RuneQuest Player Characters who start with Sorcery

Utgardloki said:
There certainly is no reason in the game rules why a character could not use sorcery, rune magic, and divine magic.

Unfortunately (or fortunately), this is notthe case in the core rule set. In Glorantha, however...

OTOTH, if that last sentence applies, it is then theoretically possible for a rune caster of any cult to try to figure out the secrets of sorcery and make them available to his comrads.

Not usually. You get Rune Magic which is personal and/or folk magic and only ONE otherworld magic. Sorcery, Shamanism, and Divine Magic all draw from separate otherworlds. To use them requires you to commit your soul to that kind of magic. There is very little room to maneuver in this sort of case.

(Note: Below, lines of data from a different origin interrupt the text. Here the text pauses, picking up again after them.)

theorem corollary2p1:
  fixes M :: "'a measure" and F :: "nat \<Rightarrow> 'a measure" and \<xi> :: "nat \<Rightarrow> 'a \<Rightarrow> real"
    and \<alpha> x :: real
  assumes prob: "prob_space M"
    and sub: "\<And>i. subalgebra M (F i)"
    and mono: "\<And>i. sets (F i) \<subseteq> sets (F (Suc i))"
    and F0: "sets (F 0) = {{}, space M}"
    and xi0: "\<And>\<omega>. \<xi> 0 \<omega> = 0"
    and adapted: "\<And>i. \<xi> i \<in> borel_measurable (F i)"
    and integ: "\<And>i. integrable M (\<xi> i)"
    and mdiff: "\<And>i. i \<ge> 1 \<Longrightarrow> AE \<omega> in M. real_cond_exp M (F (i - 1)) (\<xi> i) \<omega> = 0"
    and alpha: "0 < \<alpha>" "\<alpha> < 1"
    and Cfin: "\<And>i. i \<ge> 1 \<Longrightarrow>
        integrable M (\<lambda>\<omega>. (\<xi> i \<omega>)\<^sup>2 * exp ((max (\<xi> i \<omega>) 0) powr \<alpha>))"
    and Ups: "\<And>\<epsilon>. \<epsilon> > 0 \<Longrightarrow> eventually (\<lambda>n.
        esssup M (\<lambda>\<omega>. ereal \<bar>\<Sum>i=1..n. real_cond_exp M (F (i - 1))
            (\<lambda>\<omega>'. (\<xi> i \<omega>')\<^sup>2 * exp ((max (\<xi> i \<omega>') 0) powr \<alpha>)) \<omega>\<bar>)
          \<le> ereal (\<epsilon> * real n powr (2 - \<alpha>))) sequentially"
    and x: "x \<ge> 0"
  shows "limsup (\<lambda>n. ereal_ln (measure M {\<omega> \<in> space M.
            Max ((\<lambda>k. (\<Sum>i=1..k. \<xi> i \<omega>) / real n) ` {1..n}) \<ge> x}) / ereal (real n powr \<alpha>))
         \<le> ereal (- (x powr \<alpha>))"
proof -
  interpret martingale_differences_exp_moment M F \<xi> \<alpha>
    using prob sub mono adapted integ mdiff alpha Cfin
    by (simp add: martingale_differences_exp_moment_def martingale_differences_exp_moment_axioms_def)
  show ?thesis
  proof (cases "x = 0")
    case True
    then show ?thesis
      using \<alpha> by (intro limsup_ereal_ln_div_le) auto
  next
    case False
    have weighted_sq_eq: "(\<lambda>\<omega>. (\<xi> i \<omega>)\<^sup>2 * exp ((max (\<xi> i \<omega>) 0) powr \<alpha>)) = weighted_sq i" for i
      by (simp add: weighted_sq_def fun_eq_iff)
    show ?thesis
    proof (rule ereal_le_epsilon2)
      fix \<delta> :: real assume "\<delta> > 0"
      with False x have "eventually (\<lambda>n. measure M {\<omega> \<in> space M.
          Max ((\<lambda>k. (\<Sum>i=1..k. \<xi> i \<omega>) / real n) ` {1..n}) \<ge> x}
        \<le> exp ((- (x powr \<alpha>) + \<delta>) * real n powr \<alpha>)) sequentially"
        by (intro eventually_measure_max_partial_avg_ge_le Ups[unfolded weighted_sq_eq]) auto
      then show "limsup (\<lambda>n. ereal_ln (measure M {\<omega> \<in> space M.
            Max ((\<lambda>k. (\<Sum>i=1..k. \<xi> i \<omega>) / real n) ` {1..n}) \<ge> x}) / ereal (real n powr \<alpha>))
          \<le> ereal (- (x powr \<alpha>)) + ereal \<delta>"
        using limsup_ereal_ln_div_le by fastforce
    qed
  qed
qed

end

There *are* exceptions but they are rare.

Edit: Simonh is wise. His repy about world views is spot on and only accents the problem with knowing two different systems at any kind of depth. I believe its possible to be laymembers/intitates/students/spiritists of the various systems but to learn anything deeper usually requires abandoning all other kinds of magic except Rune Magic.

Voriof
 
Utgardloki said:
My main concern is game balance.
Game balance is an illusion, especially if you treat it entirely as a mechanical exercise. While you want every player to be able to participate equally, this doesn't require that they are mechanically equivalent.


Utgardloki said:
Runequest does not have the class mechanism to balance PCs out. So if a witchborn character has a major advantage over a non-witchborn character ("Hey, I can just point my finger at the guy and he freezes!"), then how can this be balanced?
You only get a certain number of skill increases, and if you need to spend them all on improving magical skills then you can't spend them on more mundane skills.
 
balance in an RPG means each player has fun with his character. The D&D sense of "everyone can perform genocide at the same pace" balance isnt really worth anything.
 
weasel_fierce said:
balance in an RPG means each player has fun with his character. The D&D sense of "everyone can perform genocide at the same pace" balance isnt really worth anything.

I can see the point that game balance means different things in a Runequest game, a D&D game, or a Star Wars game (either D6 or D20). It probably would be a good idea to warn the players about the benefits or disadvantages of their decisions, so if in the Iron Kingdoms, all the players want witchborn characters, I can deal with that. If a player does not want a witchborn character, I can deal with that too; as long as a player is happy with his choices.

As for my own Runequest plans, I am thinking of running the Iron Kingdoms characters through an Iron Kingdoms adventure, and then shunting those PCs off to Glorantha and other worlds through divine teleportation. I've been planning to run the Drow War series, but it looks like by the time they get to adventure #1 in Drow War, they'll already be experienced Runequest characters.